The Lucia de Berk case was a miscarriage of justice in the Netherlands in which a Dutch licensed paediatric nurse was wrongfully convicted of murder. In 2003, Lucia de Berk (22 September 1961 – 28 August 2025) was sentenced to life imprisonment, for which no parole is possible under Dutch law, for four murders and three attempted murders of patients under her care. In 2004, after an appeal, she was convicted of seven murders and three attempted murders.

Her conviction was controversial in the media and among scientists, and it was questioned by the investigative reporter Peter R. de Vries. Most prominently, the prosecution's case rested on statistical misrepresentation.
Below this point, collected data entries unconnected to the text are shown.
lemma reachable_within_singleton_district:
  assumes G: "graph V E" and conn: "induces_connected E (V - {v})" and k: "2 \<le> k"
  shows "finite \<X> \<Longrightarrow> P \<in> Part V E k \<Longrightarrow> B \<in> P \<Longrightarrow> v \<in> B \<Longrightarrow>
    \<forall>X\<in>\<X>. induces_connected E X \<and> (\<exists>x\<in>X. E v x) \<Longrightarrow> pairwise disjnt \<X> \<Longrightarrow> \<Union>\<X> = B - {v} \<Longrightarrow>
    \<exists>Q. {v} \<in> Q \<and> reachable_within (R_inf V E k) (card \<X>) P Q"
proof (induction "card \<X>" arbitrary: \<X> P B rule: less_induct)
  case less
  show ?case
  proof (cases "\<X> = {}")
    case True
    then have "B - {v} = {}" using less.prems(7) by simp
    then have "B = {v}" using less.prems(4) by blast
    then show ?thesis using less.prems(3) reachable_within_refl[of "R_inf V E k" "card \<X>" P] by auto
  next
    case False
    from exists_recombination_shrinking_district[OF G conn k less.prems(2-7) False]
    obtain X Q where X: "X \<in> \<X>" and Q: "R_inf V E k P Q" "insert v (\<Union>(\<X> - {X})) \<in> Q"
      by blast
    have "card (\<X> - {X}) < card \<X>" using less.prems(1) X by (rule card_Diff1_less)
    moreover have "v \<notin> \<Union>\<X>" using less.prems(7) by blast
    ultimately obtain Q' where Q': "{v} \<in> Q'" "reachable_within (R_inf V E k) (card (\<X> - {X})) Q Q'"
      using less.hyps[of "\<X> - {X}" Q "insert v (\<Union>(\<X> - {X}))"] Q less.prems(1,5,6)
      unfolding R_inf_def by (auto intro: pairwise_subset)
    have "reachable_within (R_inf V E k) (1 + card (\<X> - {X})) P Q'"
      using reachable_within_trans[OF reachable_within_step[of "R_inf V E k", OF Q(1)] Q'(2)] .
    moreover have "1 + card (\<X> - {X}) = card \<X>"
      using less.prems(1) X card_gt_0_iff[of \<X>] by (auto simp: card_Diff_singleton)
    ultimately show ?thesis using Q'(1) by auto
  qed
qed

lemma reachable_within_isolate_vertex:
  assumes G: "graph V E" and conn: "induces_connected E (V - {v})" and k: "2 \<le> k"
    and P: "P \<in> Part V E k" and v: "v \<in> V"
  shows "\<exists>Q. {v} \<in> Q \<and> reachable_within (R_inf V E k) (1 + card (tree_children E P v)) P Q"
proof -
  have sym: "symp E" using G by (rule graph_symp)
  have Pp: "\<Union>P = V" "\<forall>A\<in>P. induces_connected E A" using P unfolding Part_def by auto
  obtain A where A: "A \<in> P" "v \<in> A" using Pp(1) v by blast
  have A_conn: "induces_connected E A" using Pp(2) A(1) by blast
  have "finite A" using G A Pp(1) unfolding graph_def by (meson Union_upper finite_subset)
  obtain \<rho> \<pi> where tree: "spanning_tree E A = (\<rho>, \<pi>)" by (cases "spanning_tree E A")
  let ?\<X> = "component E (A - {v}) ` (A - {v})"
  have "induces_connected E X \<and> (\<exists>x\<in>X. E v x)" if X: "X \<in> ?\<X>" for X
  proof -
    obtain x where x: "x \<in> A - {v}" "X = component E (A - {v}) x" using X by blast
    show ?thesis unfolding x(2)
      using induces_connected_component[OF sym x(1)] component_delete_adjacent[OF sym A_conn A(2) x(1)]
      by blast
  qed
  then have "\<forall>X\<in>?\<X>. induces_connected E X \<and> (\<exists>x\<in>X. E v x)" by blast
  from reachable_within_singleton_district[OF G conn k _ P A this
      pairwise_disjnt_components[OF sym] Union_components] \<open>finite A\<close>
  obtain Q where Q: "{v} \<in> Q" "reachable_within (R_inf V E k) (card ?\<X>) P Q" by blast
  have "card ?\<X> \<le> 1 + card (tree_children E P v)"
    using card_components_delete_le[OF sym parent_map_spanning_tree[OF sym A_conn tree] \<open>finite A\<close>]
      tree_children_eq[OF sym P A tree] by simp
  with Q show ?thesis by (blast intro: reachable_within_mono[OF Q(2)])
qed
In October 2008, the case was reopened by the Dutch Supreme Court, as new facts had been uncovered that undermined the previous verdicts. De Berk was freed, and her case retried; she was exonerated in April 2010.
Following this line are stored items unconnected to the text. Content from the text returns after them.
(* For each integer $k\geq 2$ there is a finite algebra $\mathbf{A}$ with a $1$-pointed $k$-cube term whose growth rate satisfies $d_{\mathbf{A}}(n)\in \Theta(n^{k-1})$.
   Context: An algebra $\mathbf{A}$ has a $1$-pointed $k$-cube term if there is a term $F(x_1,\dots,x_m)$ in the language of $\mathbf{A}$ and a $k\times m$ matrix $M=[y_{i,j}]$ whose entries are variables and exactly one constant symbol (a nullary operation symbol of the language) such that every column of $M$ contains an entry different from the variable $x$ and the identities $F(y_{i,1},\dots,y_{i,m})\approx x$, $i=1,\dots,k$, hold in $\mathbf{A}$. $d_{\mathbf{A}}(n)$ is the least size of a generating set of $\mathbf{A}^n$. *)

theory Defs
  imports Main "HOL-Library.Landau_Symbols"
begin

datatype (syms: 's, vars: 'v) trm = Var 'v | Fn 's "('s, 'v) trm list"

text \<open>Nullary symbols are the constant symbols.\<close>
definition is_algebra :: "'a set \<Rightarrow> 's set \<Rightarrow> ('s \<Rightarrow> nat) \<Rightarrow> ('s \<Rightarrow> 'a list \<Rightarrow> 'a) \<Rightarrow> bool" where
  "is_algebra A Sig ar op \<longleftrightarrow> A \<noteq> {} \<and>
     (\<forall>f\<in>Sig. \<forall>xs. length xs = ar f \<and> set xs \<subseteq> A \<longrightarrow> op f xs \<in> A)"

fun wf_trm :: "'s set \<Rightarrow> ('s \<Rightarrow> nat) \<Rightarrow> ('s, 'v) trm \<Rightarrow> bool" where
  "wf_trm Sig ar (Var v) = True"
| "wf_trm Sig ar (Fn f ts) = (f \<in> Sig \<and> length ts = ar f \<and> (\<forall>t\<in>set ts. wf_trm Sig ar t))"

fun eval_trm :: "('s \<Rightarrow> 'a list \<Rightarrow> 'a) \<Rightarrow> ('v \<Rightarrow> 'a) \<Rightarrow> ('s, 'v) trm \<Rightarrow> 'a" where
  "eval_trm op \<rho> (Var v) = \<rho> v"
| "eval_trm op \<rho> (Fn f ts) = op f (map (eval_trm op \<rho>) ts)"

definition has_1pointed_cube_term ::
  "nat \<Rightarrow> 'a set \<Rightarrow> 's set \<Rightarrow> ('s \<Rightarrow> nat) \<Rightarrow> ('s \<Rightarrow> 'a list \<Rightarrow> 'a) \<Rightarrow> bool" where
  "has_1pointed_cube_term k A Sig ar op \<longleftrightarrow>
     (\<exists>(F :: ('s, nat) trm) (m :: nat) (c :: 's) (M :: nat \<Rightarrow> nat \<Rightarrow> ('s, nat) trm) (x :: nat).
        c \<in> Sig \<and> ar c = 0 \<and>
        wf_trm Sig ar F \<and> vars F \<subseteq> {..<m} \<and>
        (\<forall>i<k. \<forall>j<m. M i j = Fn c [] \<or> (\<exists>v. M i j = Var v)) \<and>
        (\<forall>j<m. \<exists>i<k. M i j \<noteq> Var x) \<and>
        (\<forall>i<k. \<forall>\<rho>. (\<forall>v. \<rho> v \<in> A) \<longrightarrow>
            eval_trm op (\<lambda>j. eval_trm op \<rho> (M i j)) F = \<rho> x))"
She died on 28 August 2025, aged 63, following a short illness.

==Suspicions and investigation==
Colleagues started to notice that patients often died under De Berk's watch. Suspicions were raised when a five-month-old baby turned blue and died unexpectedly, only an hour after doctors had said that her condition was improving. Other colleagues requested an investigation. A post-mortem on the child indicated foul play.

Police investigators looked into all the deaths that had occurred between 1997 and 2001 while De Berk was working at three hospitals in The Hague: the Juliana Children's Hospital, the Red Cross Hospital, and the Leyenburg Hospital. In a few cases, evidence of poisoning through tranquilizer overdose was found, although in most cases no firm explanations could be found for the deaths.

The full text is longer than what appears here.